# «Abstract. DNA self-assembly is emerging as a key paradigm for nano-technology, nano-computation, and several related disciplines. In nature, DNA ...»

Error Free Self-Assembly using Error Prone Tiles

Ho-Lin Chen ∗ Ashish Goel †

Stanford University Stanford University

Abstract. DNA self-assembly is emerging as a key paradigm for nano-technology, nano-computation,

and several related disciplines. In nature, DNA self-assembly is often equipped with explicit mechanisms

for both error prevention and error correction. For artiﬁcial self-assembly, these problems are even more

important since we are interested in assembling large systems with great precision.

We present an error-correction scheme, called snaked proof-reading, which can correct both growth and nucleation errors in a self-assembling system. This builds upon an earlier construction of Winfree and Bekbolatov [13], which could correct a limited class of growth errors. Like their construction, our system also replaces each tile in the system by a k × k block of tiles, and does not require changing the basic tile assembly model proposed by Rothemund and Winfree [10].

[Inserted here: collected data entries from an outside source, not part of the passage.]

(* The family $\{X\in\mathcal{X}_2:X\not\subseteq1+8\mathbb{N}_0\}$ coincides with the set of minimal elements of the poset $\mathcal{X}_2$, and the set $\{X\in\mathcal{X}_2:X\subseteq1+8\mathbb{N}_0\}$ is linearly ordered and coincides with $\{1+2^n\mathbb{N}_0:n\ge3\}$.
   Context: $\mathbb{N}=\{1,2,\dots\}$, $\mathbb{N}_0=\{0\}\cup\mathbb{N}$, $x^{\mathbb{N}}=\{x^k:k\in\mathbb{N}\}$. $\mathcal{X}_2=\{\overline{a^{\mathbb{N}}}:a\in\mathbb{N}\setminus2\mathbb{N},\ a\ne1\}$, closures taken in the $2$-adic topology on $\mathbb{N}\setminus2\mathbb{N}$ (generated by the sets $x+2^m\mathbb{N}_0$, $x,m\in\mathbb{N}$), partially ordered by reverse inclusion: $X\le Y$ iff $Y\subseteq X$. *)

theory Defs
  imports "HOL-Analysis.Analysis"
begin

definition prog :: "nat \<Rightarrow> nat \<Rightarrow> nat set" where
  "prog x m = {x + 2^m * k | k. True}"

definition two_adic_top :: "nat topology" where
  "two_adic_top = topology_generated_by {prog x m \<inter> {n. odd n} | x m. x \<ge> 1 \<and> m \<ge> 1}"

definition powers :: "nat \<Rightarrow> nat set" where
  "powers a = {a ^ k | k. k \<ge> 1}"

definition X2 :: "nat set set" where
  "X2 = {two_adic_top closure_of (powers a) | a. odd a \<and> a \<noteq> 1}"

end

theory Submission
  imports Defs "HOL-Number_Theory.Number_Theory"
begin

text \<open>For odd \<open>a \<noteq> 1\<close> write \<open>a^p = 1 + 2^w u\<close> with \<open>u\<close> odd and \<open>w \<ge> 2\<close>, taking \<open>p = 1\<close>
  if \<open>a \<equiv> 1 (mod 4)\<close> and \<open>p = 2\<close> otherwise. Since \<open>(a^p)^(2^j) = 1 + 2^(w+j) q\<close> with \<open>q\<close> odd,
  a residue of a power of \<open>a\<close> modulo \<open>2^w\<close> lifts to residues of powers of \<open>a\<close> modulo every
  higher power of 2, so the closure of \<open>a^\<nat>\<close> consists of the odd numbers congruent modulo
  \<open>2^w\<close> to a power of \<open>a\<close>. This is \<open>1 + 2^w \<nat>\<^sub>0\<close> if \<open>a \<equiv> 1 (mod 4)\<close>, and
  \<open>(1 + 2^w \<nat>\<^sub>0) \<union> (a + 2^w \<nat>\<^sub>0)\<close> with \<open>w \<ge> 3\<close> otherwise. A closure of the second kind
  is the closure of each of its elements \<open>\<equiv> 3 (mod 4)\<close>, hence maximal for inclusion (that is,
  minimal in \<open>X2\<close>); so is \<open>1 + 4 \<nat>\<^sub>0\<close>, because no other member contains 5; the remaining members \<open>1 + 2^n \<nat>\<^sub>0\<close>, \<open>n \<ge> 3\<close>, form a
  chain.\<close>

section \<open>Progressions modulo powers of two\<close>

lemma mem_prog_iff: "y \<in> prog x m \<longleftrightarrow> x \<le> y \<and> [y = x] (mod 2^m)"
  unfolding prog_def by (auto simp: cong_le_nat)

lemma cong_pow2_mono: "[x = y] (mod 2^n) \<Longrightarrow> k \<le> n \<Longrightarrow> [x = y] (mod (2::nat)^k)"
  using cong_dvd_modulus_nat le_imp_power_dvd by blast

lemma prog_antimono: "n \<le> m \<Longrightarrow> prog x m \<subseteq> prog x n"
  by (auto simp: mem_prog_iff intro: cong_pow2_mono)

lemma prog_subset_prog: "y \<in> prog x m \<Longrightarrow> prog y m \<subseteq> prog x m"
  by (auto simp: mem_prog_iff intro: cong_trans)

lemma prog_subset_odd:
  assumes "odd x" "1 \<le> m"
  shows "prog x m \<subseteq> {y. odd y}"
proof
  fix y assume "y \<in> prog x m"
  then have "[y = x] (mod 2^1)" using assms(2) cong_pow2_mono[of y x m 1] by (simp add: mem_prog_iff)
  then show "y \<in> {y. odd y}" using assms(1) by (simp add: cong_def odd_iff_mod_2_eq_one)
qed

lemma one_plus_cong_one: "[1 + 2^w * u = 1] (mod (2::nat)^w)"
  using cong_add[OF cong_refl[of 1] cong_0_iff[THEN iffD2, of "2^w" "2^w * u"]] by simp

lemma pow2_times_odd_decomposition:
  fixes n :: nat
  assumes "n \<noteq> 0" "2^k dvd n"
  obtains v u where "n = 2^v * u" "odd u" "k \<le> v"
proof -
  obtain u where "n = 2^multiplicity 2 n * u" "odd u"
    using multiplicity_decompose'[of n 2] assms(1) by auto
  moreover have "k \<le> multiplicity 2 n" using power_dvd_iff_le_multiplicity[of n 2 k] assms by simp
  ultimately show ?thesis using that by blast
qed

section \<open>The 2-adic topology\<close>

lemma topspace_two_adic_top: "topspace two_adic_top = {x. odd x}"
proof -
  have "\<Union>{prog x m \<inter> {n. odd n} | x m. x \<ge> 1 \<and> m \<ge> 1} = {x. odd x}"
  proof (intro equalityI subsetI)
    fix y :: nat assume "y \<in> {x. odd x}"
    then have "y \<in> prog y 1 \<inter> {n. odd n}" "1 \<le> y" using odd_pos by (auto simp: mem_prog_iff Suc_le_eq)
    then show "y \<in> \<Union>{prog x m \<inter> {n. odd n} | x m. x \<ge> 1 \<and> m \<ge> 1}" by blast
  qed auto
  then show ?thesis unfolding two_adic_top_def by simp
qed

lemma openin_two_adic_top_prog:
  assumes "odd x" "1 \<le> m"
  shows "openin two_adic_top (prog x m)"
proof -
  have "prog x m = prog x m \<inter> {n. odd n}" using prog_subset_odd[OF assms] by blast
  moreover have "1 \<le> x" using assms(1) odd_pos by (simp add: Suc_le_eq)
  ultimately have "prog x m \<in> {prog x m \<inter> {n. odd n} | x m. x \<ge> 1 \<and> m \<ge> 1}"
    using assms(2) by blast
  then show ?thesis unfolding two_adic_top_def by (rule topology_generated_by_Basis)
qed

lemma openin_two_adic_top_imp_prog_subset:
  assumes "openin two_adic_top T" "x \<in> T"
  shows "\<exists>m\<ge>1. prog x m \<subseteq> T"
proof -
  have "odd x" using openin_subset[OF assms(1)] assms(2) by (auto simp: topspace_two_adic_top)
  have "generate_topology_on {prog x m \<inter> {n. odd n} | x m. x \<ge> 1 \<and> m \<ge> 1} T"
    using assms(1) by (simp add: two_adic_top_def openin_topology_generated_by_iff)
  then show ?thesis using assms(2) \<open>odd x\<close>
  proof (induction arbitrary: x)
    case Empty
    then show ?case by simp
  next
    case (Int S T)
    then obtain m1 m2 where "1 \<le> m1" "prog x m1 \<subseteq> S" "prog x m2 \<subseteq> T" by blast
    then show ?case using prog_antimono[of m1 "max m1 m2" x] prog_antimono[of m2 "max m1 m2" x]
      by (intro exI[of _ "max m1 m2"]) auto
  next
    case (UN K)
    then show ?case by blast
  next
    case (Basis S)
    then obtain x0 m where S: "S = prog x0 m \<inter> {n. odd n}" "1 \<le> m" by blast
    then have "prog x m \<subseteq> S"
      using Basis.prems prog_subset_prog[of x x0 m] prog_subset_odd[of x m] by auto
    then show ?case using S(2) by blast
  qed
qed

lemma in_two_adic_closure_iff:
  "x \<in> two_adic_top closure_of S \<longleftrightarrow> odd x \<and> (\<forall>m\<ge>1. \<exists>y\<in>S. y \<in> prog x m)"
proof
  assume x: "x \<in> two_adic_top closure_of S"
  then have "odd x" by (simp add: in_closure_of topspace_two_adic_top)
  moreover have "\<exists>y\<in>S. y \<in> prog x m" if "1 \<le> m" for m
  proof -
    have "x \<in> prog x m" by (simp add: mem_prog_iff)
    then show ?thesis using x openin_two_adic_top_prog[OF \<open>odd x\<close> that] unfolding in_closure_of by blast
  qed
  ultimately show "odd x \<and> (\<forall>m\<ge>1. \<exists>y\<in>S. y \<in> prog x m)" by blast
next
  assume x: "odd x \<and> (\<forall>m\<ge>1. \<exists>y\<in>S. y \<in> prog x m)"
  have "\<exists>y\<in>S. y \<in> T" if "openin two_adic_top T" "x \<in> T" for T
    using x openin_two_adic_top_imp_prog_subset[OF that] by blast
  then show "x \<in> two_adic_top closure_of S" using x by (auto simp: in_closure_of topspace_two_adic_top)
qed

section \<open>Closures of sets of powers\<close>

lemma in_two_adic_closure_powers_iff:
  assumes "odd a" "a \<noteq> 1"
  shows "x \<in> two_adic_top closure_of powers a \<longleftrightarrow> odd x \<and> (\<forall>m. \<exists>k. [a^k = x] (mod 2^m))"
proof
  assume x: "x \<in> two_adic_top closure_of powers a"
  have "\<exists>k. [a^k = x] (mod 2^m)" for m
  proof -
    obtain y where y: "y \<in> powers a" "y \<in> prog x (Suc m)"
      using x by (auto simp: in_two_adic_closure_iff)
    then have "y \<in> prog x m" using prog_antimono[of m "Suc m" x] by auto
    then show ?thesis using y(1) by (auto simp: powers_def mem_prog_iff)
  qed
  then show "odd x \<and> (\<forall>m. \<exists>k. [a^k = x] (mod 2^m))" using x by (simp add: in_two_adic_closure_iff)
next
  assume x: "odd x \<and> (\<forall>m. \<exists>k. [a^k = x] (mod 2^m))"
  have "\<exists>y\<in>powers a. y \<in> prog x m" for m
  proof -
    obtain k where k: "[a^k = x] (mod 2^m)" using x by blast
    txt \<open>Shifting the exponent by multiples of \<open>totient (2^m)\<close> keeps the residue and makes
      the power exceed \<open>x\<close>.\<close>
    define t where "t = totient (2^m)"
    define K where "K = k + x * t"
    have "[a^t = 1] (mod 2^m)" unfolding t_def using \<open>odd a\<close> by (intro euler_theorem) simp
    then have "[a^k * (a^t)^x = a^k * 1^x] (mod 2^m)" by (intro cong_mult cong_pow cong_refl)
    then have cong: "[a^K = x] (mod 2^m)"
      using k by (simp add: K_def power_add power_mult mult.commute[of x] cong_trans)
    have "1 \<le> t" by (simp add: t_def Suc_le_eq)
    then have "x \<le> K" unfolding K_def by (metis mult_le_mono2 mult.right_neutral trans_le_add2)
    also have "K < 2^K" by simp
    also have "2^K \<le> a^K" using assms odd_pos by (intro power_mono) presburger+
    finally have "x \<le> a^K" by simp
    moreover have "1 \<le> K" using \<open>x \<le> K\<close> x odd_pos by fastforce
    ultimately show ?thesis using cong by (auto simp: powers_def mem_prog_iff)
  qed
  then show "x \<in> two_adic_top closure_of powers a" using x by (simp add: in_two_adic_closure_iff)
qed

lemma odd_if_power_eq_one_plus:
  fixes a :: nat
  assumes "a^p = 1 + 2^w * u" "odd u" "1 \<le> w"
  shows "odd a" "a \<noteq> 1"
proof -
  have "a^p \<noteq> 1" "odd (a^p)" using assms odd_pos[of u] by auto
  then show "odd a" "a \<noteq> 1" by (auto simp: even_power)
qed

lemma one_plus_power_two_power:
  fixes u :: nat
  assumes "odd u" "2 \<le> w"
  shows "\<exists>q. odd q \<and> (1 + 2^w * u)^(2^j) = 1 + 2^(w+j) * q"
proof (induction j)
  case 0
  then show ?case using assms by auto
next
  case (Suc j)
  then obtain q where q: "odd q" "(1 + 2^w * u)^(2^j) = 1 + 2^(w+j) * q" by blast
  obtain n where n: "w + j = Suc n" "1 \<le> n" using assms(2) by (intro that[of "w + j - 1"]) auto
  have "(1 + 2^w * u)^(2^Suc j) = ((1 + 2^w * u)^(2^j))^2"
    by (simp add: power_mult[symmetric] mult.commute)
  also have "\<dots> = 1 + 2^(w + Suc j) * (q + 2^n * q^2)"
    unfolding q(2) n(1) using n(1) by (simp add: power2_eq_square algebra_simps)
  finally show ?case using q(1) n(2) by (intro exI[of _ "q + 2^n * q^2"]) auto
qed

We perform a theoretical analysis of our system under fairly general assumptions, tiles can both attach and fall off depending on the thermodynamic rate parameters which also govern the error rate. We prove that with appropriate values of the block size, a seed row of N tiles can be extended into an N × N square of tiles without errors in expected time O(N ), and further, this square remains stable for an expected time of Ω(N ). This is the ﬁrst error-correction system for DNA self-assembly that has provably good assembly time (close to linear) and provable error-correction. The assembly time is the same, up to logarithmic factors, as the time for an irreversible, error-free assembly. We also did a preliminary simulation study of our scheme.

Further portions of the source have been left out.